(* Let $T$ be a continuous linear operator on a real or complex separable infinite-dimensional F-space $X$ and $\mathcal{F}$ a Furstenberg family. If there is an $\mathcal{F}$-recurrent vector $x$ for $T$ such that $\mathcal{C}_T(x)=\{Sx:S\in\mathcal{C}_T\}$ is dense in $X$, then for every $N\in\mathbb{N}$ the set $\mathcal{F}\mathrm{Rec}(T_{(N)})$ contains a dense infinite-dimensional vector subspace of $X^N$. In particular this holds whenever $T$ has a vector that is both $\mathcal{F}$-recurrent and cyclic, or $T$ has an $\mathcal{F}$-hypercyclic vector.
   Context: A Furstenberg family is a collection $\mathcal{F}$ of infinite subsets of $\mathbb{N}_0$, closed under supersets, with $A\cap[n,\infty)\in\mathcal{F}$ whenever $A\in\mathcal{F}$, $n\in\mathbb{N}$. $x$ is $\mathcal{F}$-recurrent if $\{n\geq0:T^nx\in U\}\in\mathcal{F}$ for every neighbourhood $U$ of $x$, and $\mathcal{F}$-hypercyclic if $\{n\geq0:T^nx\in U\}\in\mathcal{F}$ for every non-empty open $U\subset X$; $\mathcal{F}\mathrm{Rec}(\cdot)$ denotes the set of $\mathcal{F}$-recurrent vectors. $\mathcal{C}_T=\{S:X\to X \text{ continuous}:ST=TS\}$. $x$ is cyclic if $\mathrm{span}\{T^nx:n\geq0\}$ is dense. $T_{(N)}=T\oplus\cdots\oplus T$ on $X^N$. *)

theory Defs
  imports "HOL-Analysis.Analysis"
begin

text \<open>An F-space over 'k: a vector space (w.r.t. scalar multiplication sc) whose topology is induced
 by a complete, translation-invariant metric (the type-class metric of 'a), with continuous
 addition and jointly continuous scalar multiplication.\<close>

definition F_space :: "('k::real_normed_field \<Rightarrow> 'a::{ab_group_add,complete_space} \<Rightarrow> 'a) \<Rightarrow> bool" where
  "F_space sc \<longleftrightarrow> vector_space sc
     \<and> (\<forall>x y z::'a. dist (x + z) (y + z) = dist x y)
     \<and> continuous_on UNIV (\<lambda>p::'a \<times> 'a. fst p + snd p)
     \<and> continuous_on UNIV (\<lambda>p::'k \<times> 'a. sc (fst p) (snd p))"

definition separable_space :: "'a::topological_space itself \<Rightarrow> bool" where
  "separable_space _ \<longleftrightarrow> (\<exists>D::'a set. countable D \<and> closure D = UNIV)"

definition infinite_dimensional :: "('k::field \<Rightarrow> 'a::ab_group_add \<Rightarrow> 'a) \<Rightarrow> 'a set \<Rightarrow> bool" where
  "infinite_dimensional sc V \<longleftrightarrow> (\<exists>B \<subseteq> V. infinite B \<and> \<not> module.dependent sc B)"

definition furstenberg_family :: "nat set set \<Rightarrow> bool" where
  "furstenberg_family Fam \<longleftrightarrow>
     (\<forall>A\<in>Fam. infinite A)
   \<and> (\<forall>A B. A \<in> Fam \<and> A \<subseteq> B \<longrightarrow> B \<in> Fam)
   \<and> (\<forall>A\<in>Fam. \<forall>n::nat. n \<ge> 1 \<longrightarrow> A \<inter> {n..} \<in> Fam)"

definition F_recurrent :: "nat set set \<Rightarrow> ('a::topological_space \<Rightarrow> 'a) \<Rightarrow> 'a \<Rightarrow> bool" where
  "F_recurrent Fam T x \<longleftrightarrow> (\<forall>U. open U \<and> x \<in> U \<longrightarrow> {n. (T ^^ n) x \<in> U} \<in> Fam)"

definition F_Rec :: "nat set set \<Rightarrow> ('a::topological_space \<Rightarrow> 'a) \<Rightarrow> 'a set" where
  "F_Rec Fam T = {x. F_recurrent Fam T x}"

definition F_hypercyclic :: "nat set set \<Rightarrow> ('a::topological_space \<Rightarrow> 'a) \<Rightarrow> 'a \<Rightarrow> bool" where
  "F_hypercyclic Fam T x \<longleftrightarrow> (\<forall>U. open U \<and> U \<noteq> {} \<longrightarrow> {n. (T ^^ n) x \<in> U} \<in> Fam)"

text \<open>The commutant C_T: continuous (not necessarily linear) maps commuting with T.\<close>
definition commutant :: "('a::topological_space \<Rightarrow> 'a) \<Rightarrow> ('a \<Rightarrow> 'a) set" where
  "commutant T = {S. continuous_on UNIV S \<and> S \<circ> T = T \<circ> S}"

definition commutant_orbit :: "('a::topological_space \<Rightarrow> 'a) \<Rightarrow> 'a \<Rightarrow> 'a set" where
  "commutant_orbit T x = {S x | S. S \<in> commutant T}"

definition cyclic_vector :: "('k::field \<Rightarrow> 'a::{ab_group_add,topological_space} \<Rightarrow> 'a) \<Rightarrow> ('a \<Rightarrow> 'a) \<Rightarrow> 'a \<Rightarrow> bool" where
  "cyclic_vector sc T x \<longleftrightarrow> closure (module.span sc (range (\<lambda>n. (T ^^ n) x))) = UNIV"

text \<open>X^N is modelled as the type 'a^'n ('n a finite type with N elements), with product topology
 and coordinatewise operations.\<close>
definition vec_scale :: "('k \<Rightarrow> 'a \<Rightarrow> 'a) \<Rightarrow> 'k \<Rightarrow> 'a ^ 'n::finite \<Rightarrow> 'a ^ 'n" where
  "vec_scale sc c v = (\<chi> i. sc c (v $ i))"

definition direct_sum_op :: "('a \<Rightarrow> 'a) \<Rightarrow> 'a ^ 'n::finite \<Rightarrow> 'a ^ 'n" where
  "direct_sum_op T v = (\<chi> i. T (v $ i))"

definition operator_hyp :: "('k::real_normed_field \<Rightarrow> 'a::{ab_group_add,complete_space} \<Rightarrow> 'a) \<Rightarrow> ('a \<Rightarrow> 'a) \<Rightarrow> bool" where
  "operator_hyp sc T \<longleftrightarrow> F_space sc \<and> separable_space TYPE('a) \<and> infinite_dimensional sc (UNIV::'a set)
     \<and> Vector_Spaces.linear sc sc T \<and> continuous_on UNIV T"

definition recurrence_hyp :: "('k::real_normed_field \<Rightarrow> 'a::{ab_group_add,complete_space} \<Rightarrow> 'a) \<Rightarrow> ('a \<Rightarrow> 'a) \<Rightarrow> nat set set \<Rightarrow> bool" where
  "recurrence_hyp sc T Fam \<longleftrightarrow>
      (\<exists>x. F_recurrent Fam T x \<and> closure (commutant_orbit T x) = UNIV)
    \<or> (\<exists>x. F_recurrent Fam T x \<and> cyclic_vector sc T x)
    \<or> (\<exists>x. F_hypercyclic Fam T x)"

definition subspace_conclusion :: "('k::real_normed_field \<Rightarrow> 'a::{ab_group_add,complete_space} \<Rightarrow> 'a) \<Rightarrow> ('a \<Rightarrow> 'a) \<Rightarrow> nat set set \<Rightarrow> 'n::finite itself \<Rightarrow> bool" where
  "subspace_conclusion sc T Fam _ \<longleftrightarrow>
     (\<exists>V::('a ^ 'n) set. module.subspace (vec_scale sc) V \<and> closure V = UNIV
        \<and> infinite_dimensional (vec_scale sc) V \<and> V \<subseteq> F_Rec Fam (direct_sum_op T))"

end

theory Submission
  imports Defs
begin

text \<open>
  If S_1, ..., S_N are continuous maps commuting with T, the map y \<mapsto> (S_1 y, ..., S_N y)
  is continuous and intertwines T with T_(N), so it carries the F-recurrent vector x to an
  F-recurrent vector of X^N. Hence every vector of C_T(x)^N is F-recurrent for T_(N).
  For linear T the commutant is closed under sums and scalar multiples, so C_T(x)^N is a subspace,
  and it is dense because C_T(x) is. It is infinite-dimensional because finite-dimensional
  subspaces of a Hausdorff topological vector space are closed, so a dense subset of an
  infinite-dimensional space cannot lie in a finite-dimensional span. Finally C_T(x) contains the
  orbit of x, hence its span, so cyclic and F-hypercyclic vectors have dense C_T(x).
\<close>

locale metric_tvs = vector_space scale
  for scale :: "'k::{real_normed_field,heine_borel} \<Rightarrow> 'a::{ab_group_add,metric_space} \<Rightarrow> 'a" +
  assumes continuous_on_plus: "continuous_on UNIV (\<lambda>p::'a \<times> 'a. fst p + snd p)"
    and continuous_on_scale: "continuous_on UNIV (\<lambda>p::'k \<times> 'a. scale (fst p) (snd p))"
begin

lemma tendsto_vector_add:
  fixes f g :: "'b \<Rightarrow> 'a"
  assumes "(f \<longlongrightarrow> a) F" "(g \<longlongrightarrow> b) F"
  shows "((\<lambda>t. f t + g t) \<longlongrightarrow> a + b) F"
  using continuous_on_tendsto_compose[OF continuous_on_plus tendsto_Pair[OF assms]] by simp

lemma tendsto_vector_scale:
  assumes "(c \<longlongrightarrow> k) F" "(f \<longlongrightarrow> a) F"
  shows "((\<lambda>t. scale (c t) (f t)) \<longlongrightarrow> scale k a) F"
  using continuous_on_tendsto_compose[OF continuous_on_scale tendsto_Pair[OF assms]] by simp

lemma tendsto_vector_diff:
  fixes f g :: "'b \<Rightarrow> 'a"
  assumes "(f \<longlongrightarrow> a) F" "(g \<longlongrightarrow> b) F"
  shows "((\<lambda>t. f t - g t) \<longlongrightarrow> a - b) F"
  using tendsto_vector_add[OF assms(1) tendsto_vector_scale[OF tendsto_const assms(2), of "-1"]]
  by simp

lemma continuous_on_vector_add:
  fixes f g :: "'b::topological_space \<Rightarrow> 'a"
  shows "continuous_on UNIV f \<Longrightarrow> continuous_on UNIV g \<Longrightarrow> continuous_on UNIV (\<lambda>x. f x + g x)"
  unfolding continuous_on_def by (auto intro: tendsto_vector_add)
------------------------------
To do. What you give back should be exactly the lines of the data above from the line with "z) = dist x y)" through the line with "(\<forall>A\<in>Fam. \<forall>n::nat. n", both of those included, and nothing more.

Response for this exercise.
     \<and> (\<forall>x y z::'a. dist (x + z) (y + z) = dist x y)
     \<and> continuous_on UNIV (\<lambda>p::'a \<times> 'a. fst p + snd p)
     \<and> continuous_on UNIV (\<lambda>p::'k \<times> 'a. sc (fst p) (snd p))"

definition separable_space :: "'a::topological_space itself \<Rightarrow> bool" where
  "separable_space _ \<longleftrightarrow> (\<exists>D::'a set. countable D \<and> closure D = UNIV)"

definition infinite_dimensional :: "('k::field \<Rightarrow> 'a::ab_group_add \<Rightarrow> 'a) \<Rightarrow> 'a set \<Rightarrow> bool" where
  "infinite_dimensional sc V \<longleftrightarrow> (\<exists>B \<subseteq> V. infinite B \<and> \<not> module.dependent sc B)"

definition furstenberg_family :: "nat set set \<Rightarrow> bool" where
  "furstenberg_family Fam \<longleftrightarrow>
     (\<forall>A\<in>Fam. infinite A)
   \<and> (\<forall>A B. A \<in> Fam \<and> A \<subseteq> B \<longrightarrow> B \<in> Fam)
   \<and> (\<forall>A\<in>Fam. \<forall>n::nat. n \<ge> 1 \<longrightarrow> A \<inter> {n..} \<in> Fam)"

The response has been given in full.